Assigned task:
Find the line in the entries below that contains "(\<forall>\<alpha>\<in>S. \<alpha> \<bullet>". Repeat it exactly, and every line after it through the line that contains "insert (aff_refl0 \<alpha>m)".

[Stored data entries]
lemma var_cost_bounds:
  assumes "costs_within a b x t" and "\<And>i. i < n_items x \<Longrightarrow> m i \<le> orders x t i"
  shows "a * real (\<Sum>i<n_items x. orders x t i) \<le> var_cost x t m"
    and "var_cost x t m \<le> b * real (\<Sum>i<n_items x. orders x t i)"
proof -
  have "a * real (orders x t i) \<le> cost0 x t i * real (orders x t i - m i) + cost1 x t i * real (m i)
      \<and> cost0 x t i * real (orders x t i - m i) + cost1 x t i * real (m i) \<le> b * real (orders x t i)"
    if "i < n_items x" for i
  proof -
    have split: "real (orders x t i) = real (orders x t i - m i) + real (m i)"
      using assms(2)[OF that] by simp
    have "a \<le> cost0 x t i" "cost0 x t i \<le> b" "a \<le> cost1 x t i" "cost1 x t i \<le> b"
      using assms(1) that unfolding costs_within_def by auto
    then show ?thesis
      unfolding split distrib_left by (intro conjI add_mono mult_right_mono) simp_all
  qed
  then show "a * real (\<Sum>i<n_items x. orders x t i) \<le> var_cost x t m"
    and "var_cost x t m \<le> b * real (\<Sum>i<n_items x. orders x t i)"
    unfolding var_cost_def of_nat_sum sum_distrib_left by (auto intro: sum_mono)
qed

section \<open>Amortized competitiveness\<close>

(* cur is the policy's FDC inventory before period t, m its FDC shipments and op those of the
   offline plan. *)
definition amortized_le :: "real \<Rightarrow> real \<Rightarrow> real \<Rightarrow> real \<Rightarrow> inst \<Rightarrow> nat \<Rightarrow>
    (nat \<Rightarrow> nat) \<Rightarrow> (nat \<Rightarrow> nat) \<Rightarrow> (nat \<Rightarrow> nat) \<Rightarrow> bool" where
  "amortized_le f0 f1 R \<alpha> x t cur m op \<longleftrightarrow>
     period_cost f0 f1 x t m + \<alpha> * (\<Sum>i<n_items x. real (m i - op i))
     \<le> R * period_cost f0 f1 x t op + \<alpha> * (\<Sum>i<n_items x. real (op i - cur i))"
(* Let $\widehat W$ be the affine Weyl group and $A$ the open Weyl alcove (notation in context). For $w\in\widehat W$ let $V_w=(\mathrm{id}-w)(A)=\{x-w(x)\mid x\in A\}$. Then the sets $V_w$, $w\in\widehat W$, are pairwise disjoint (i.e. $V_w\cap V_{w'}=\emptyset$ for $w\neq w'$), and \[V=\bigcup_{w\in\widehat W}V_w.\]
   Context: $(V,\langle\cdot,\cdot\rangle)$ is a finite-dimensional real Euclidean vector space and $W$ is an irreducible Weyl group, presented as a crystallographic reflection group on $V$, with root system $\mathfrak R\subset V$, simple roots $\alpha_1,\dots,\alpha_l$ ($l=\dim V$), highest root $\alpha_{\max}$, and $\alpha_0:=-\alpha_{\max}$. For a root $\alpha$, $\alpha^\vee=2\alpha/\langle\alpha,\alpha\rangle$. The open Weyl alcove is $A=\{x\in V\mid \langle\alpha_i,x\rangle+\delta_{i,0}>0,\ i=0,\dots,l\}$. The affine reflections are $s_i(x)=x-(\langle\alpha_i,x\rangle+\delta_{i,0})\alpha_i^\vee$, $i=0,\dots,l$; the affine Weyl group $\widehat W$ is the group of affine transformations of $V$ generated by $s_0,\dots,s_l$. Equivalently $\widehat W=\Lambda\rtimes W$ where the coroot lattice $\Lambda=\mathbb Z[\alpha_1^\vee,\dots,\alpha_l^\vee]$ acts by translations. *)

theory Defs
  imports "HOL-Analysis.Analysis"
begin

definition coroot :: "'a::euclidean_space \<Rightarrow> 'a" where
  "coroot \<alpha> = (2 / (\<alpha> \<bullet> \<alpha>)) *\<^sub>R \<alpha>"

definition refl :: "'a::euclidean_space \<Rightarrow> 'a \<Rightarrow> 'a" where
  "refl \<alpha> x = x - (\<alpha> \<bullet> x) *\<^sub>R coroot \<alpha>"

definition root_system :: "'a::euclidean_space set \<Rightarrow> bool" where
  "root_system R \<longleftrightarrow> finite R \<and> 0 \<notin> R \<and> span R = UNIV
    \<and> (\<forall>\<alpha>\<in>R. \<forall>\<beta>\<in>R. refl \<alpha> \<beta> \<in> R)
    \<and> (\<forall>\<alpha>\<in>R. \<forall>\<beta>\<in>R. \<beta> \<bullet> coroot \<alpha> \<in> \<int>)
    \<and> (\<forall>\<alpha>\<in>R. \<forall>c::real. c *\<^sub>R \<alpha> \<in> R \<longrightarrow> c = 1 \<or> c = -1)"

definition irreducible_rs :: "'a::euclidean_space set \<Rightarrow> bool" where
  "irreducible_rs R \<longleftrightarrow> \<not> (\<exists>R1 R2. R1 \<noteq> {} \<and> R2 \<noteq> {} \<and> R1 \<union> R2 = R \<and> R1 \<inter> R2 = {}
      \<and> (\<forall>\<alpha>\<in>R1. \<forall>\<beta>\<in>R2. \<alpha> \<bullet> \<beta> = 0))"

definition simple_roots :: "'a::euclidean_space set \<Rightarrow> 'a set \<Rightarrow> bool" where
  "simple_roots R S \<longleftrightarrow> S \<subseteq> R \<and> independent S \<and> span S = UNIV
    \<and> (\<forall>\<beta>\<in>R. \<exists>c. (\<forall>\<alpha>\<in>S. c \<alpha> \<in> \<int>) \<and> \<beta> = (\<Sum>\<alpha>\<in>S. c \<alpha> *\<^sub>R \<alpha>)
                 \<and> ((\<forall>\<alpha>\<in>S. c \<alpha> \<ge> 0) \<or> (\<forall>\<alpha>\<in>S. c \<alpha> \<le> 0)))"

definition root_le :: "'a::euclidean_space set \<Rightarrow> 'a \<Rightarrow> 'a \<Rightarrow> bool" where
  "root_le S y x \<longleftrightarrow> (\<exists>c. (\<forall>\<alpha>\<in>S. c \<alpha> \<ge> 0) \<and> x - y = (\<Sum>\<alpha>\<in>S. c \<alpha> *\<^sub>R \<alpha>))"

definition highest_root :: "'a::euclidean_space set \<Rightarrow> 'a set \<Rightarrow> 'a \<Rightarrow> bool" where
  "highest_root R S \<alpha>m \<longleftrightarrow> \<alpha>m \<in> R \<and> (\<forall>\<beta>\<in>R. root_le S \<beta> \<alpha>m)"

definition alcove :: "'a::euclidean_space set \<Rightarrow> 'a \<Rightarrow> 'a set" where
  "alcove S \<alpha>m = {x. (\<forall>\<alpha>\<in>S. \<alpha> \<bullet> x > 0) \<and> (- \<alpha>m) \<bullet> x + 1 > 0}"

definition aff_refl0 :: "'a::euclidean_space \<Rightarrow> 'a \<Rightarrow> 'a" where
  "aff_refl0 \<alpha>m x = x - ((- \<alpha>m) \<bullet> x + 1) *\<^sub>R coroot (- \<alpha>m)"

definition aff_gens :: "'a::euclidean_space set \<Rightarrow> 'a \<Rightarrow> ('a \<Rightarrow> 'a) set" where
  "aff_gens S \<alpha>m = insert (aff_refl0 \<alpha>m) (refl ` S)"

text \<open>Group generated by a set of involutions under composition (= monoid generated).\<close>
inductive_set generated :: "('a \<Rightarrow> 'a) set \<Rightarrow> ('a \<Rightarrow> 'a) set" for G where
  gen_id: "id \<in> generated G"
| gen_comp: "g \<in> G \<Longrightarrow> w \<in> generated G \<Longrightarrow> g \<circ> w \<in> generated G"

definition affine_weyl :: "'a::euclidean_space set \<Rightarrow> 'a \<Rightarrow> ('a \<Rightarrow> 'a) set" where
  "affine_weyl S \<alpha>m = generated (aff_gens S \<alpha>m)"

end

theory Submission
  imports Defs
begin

...

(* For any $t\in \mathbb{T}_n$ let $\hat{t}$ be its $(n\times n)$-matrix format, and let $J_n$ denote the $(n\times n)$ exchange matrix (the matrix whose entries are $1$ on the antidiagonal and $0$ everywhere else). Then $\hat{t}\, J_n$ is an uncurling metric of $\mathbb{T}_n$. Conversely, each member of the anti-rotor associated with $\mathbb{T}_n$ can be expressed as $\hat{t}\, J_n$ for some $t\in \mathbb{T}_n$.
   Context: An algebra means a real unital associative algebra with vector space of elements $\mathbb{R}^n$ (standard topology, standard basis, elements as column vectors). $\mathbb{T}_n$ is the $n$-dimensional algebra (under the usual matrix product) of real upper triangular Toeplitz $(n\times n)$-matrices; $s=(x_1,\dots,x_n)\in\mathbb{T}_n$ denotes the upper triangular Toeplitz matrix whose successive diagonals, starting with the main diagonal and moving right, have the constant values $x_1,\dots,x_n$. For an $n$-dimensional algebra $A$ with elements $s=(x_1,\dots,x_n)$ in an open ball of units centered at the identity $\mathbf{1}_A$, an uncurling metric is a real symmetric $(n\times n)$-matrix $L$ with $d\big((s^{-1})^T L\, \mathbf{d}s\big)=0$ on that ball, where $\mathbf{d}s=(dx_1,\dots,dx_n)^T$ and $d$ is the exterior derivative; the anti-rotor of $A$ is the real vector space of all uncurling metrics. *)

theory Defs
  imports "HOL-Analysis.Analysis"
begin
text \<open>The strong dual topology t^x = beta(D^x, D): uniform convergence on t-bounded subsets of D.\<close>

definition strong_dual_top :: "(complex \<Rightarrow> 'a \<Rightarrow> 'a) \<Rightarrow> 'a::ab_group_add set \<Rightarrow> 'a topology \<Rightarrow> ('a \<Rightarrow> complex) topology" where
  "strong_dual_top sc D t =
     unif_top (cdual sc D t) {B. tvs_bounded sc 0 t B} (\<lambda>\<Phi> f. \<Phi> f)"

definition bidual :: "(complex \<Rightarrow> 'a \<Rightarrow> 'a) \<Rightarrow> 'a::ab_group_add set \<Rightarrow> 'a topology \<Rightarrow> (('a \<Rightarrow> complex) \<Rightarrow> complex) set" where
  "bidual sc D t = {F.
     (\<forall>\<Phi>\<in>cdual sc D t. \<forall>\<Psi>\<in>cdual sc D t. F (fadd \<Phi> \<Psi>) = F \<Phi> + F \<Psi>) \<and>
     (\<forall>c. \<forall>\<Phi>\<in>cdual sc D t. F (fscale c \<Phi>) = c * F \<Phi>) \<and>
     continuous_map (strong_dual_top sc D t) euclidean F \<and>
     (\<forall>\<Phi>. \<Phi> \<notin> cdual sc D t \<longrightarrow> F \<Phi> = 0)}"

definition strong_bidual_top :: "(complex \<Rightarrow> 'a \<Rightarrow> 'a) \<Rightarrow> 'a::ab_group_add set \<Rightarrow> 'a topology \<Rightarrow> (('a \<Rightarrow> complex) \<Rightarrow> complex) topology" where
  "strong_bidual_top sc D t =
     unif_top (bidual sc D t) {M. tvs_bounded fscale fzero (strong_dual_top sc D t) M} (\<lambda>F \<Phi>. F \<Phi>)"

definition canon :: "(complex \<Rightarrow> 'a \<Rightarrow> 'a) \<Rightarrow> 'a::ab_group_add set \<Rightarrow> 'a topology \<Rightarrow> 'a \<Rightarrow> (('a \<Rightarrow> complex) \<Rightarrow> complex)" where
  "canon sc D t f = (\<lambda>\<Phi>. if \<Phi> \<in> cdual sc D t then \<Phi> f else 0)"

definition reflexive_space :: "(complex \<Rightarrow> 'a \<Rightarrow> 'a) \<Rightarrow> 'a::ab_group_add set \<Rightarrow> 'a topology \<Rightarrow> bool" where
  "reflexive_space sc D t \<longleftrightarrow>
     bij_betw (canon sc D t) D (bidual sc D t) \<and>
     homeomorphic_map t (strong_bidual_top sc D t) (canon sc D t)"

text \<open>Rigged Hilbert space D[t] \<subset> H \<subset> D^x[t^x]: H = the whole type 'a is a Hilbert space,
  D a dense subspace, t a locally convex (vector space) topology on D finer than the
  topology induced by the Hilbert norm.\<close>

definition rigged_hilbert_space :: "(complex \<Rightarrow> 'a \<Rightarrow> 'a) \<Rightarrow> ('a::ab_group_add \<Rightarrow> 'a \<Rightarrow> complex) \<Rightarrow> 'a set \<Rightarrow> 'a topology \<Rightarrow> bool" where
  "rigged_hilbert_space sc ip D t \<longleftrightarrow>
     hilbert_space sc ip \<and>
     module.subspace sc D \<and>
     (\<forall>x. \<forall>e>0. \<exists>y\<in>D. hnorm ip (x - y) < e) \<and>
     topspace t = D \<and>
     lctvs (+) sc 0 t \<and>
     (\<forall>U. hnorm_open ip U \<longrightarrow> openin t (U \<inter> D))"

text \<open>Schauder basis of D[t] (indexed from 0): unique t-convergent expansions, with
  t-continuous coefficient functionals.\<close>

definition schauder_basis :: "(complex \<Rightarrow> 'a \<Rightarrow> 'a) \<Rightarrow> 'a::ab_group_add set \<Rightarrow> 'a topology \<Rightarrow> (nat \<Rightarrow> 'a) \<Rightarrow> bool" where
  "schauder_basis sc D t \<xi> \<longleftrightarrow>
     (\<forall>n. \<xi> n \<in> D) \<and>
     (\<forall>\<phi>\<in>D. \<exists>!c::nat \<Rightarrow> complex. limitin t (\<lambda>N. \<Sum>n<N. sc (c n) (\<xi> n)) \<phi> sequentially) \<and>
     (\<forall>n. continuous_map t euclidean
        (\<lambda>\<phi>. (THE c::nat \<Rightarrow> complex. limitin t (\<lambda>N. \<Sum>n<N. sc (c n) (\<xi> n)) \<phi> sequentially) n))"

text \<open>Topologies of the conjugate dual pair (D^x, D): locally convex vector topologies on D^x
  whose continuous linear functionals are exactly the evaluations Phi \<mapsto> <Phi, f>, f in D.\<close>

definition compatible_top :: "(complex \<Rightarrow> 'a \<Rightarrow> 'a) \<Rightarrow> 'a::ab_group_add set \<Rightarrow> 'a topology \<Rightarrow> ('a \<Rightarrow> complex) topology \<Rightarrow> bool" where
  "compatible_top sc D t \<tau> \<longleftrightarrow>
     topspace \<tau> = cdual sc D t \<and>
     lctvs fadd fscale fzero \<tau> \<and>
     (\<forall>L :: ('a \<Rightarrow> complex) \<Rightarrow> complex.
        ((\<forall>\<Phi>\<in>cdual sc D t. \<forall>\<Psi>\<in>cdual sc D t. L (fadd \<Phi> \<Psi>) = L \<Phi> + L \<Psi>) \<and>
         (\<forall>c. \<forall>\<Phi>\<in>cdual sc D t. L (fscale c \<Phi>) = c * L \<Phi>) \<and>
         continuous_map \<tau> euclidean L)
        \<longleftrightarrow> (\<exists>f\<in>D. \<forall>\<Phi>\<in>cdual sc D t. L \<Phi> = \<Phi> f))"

Answer to the exercise:
  "alcove S \<alpha>m = {x. (\<forall>\<alpha>\<in>S. \<alpha> \<bullet> x > 0) \<and> (- \<alpha>m) \<bullet> x + 1 > 0}"

definition aff_refl0 :: "'a::euclidean_space \<Rightarrow> 'a \<Rightarrow> 'a" where
  "aff_refl0 \<alpha>m x = x - ((- \<alpha>m) \<bullet> x + 1) *\<^sub>R coroot (- \<alpha>m)"

definition aff_gens :: "'a::euclidean_space set \<Rightarrow> 'a \<Rightarrow> ('a \<Rightarrow> 'a) set" where
  "aff_gens S \<alpha>m = insert (aff_refl0 \<alpha>m) (refl ` S)"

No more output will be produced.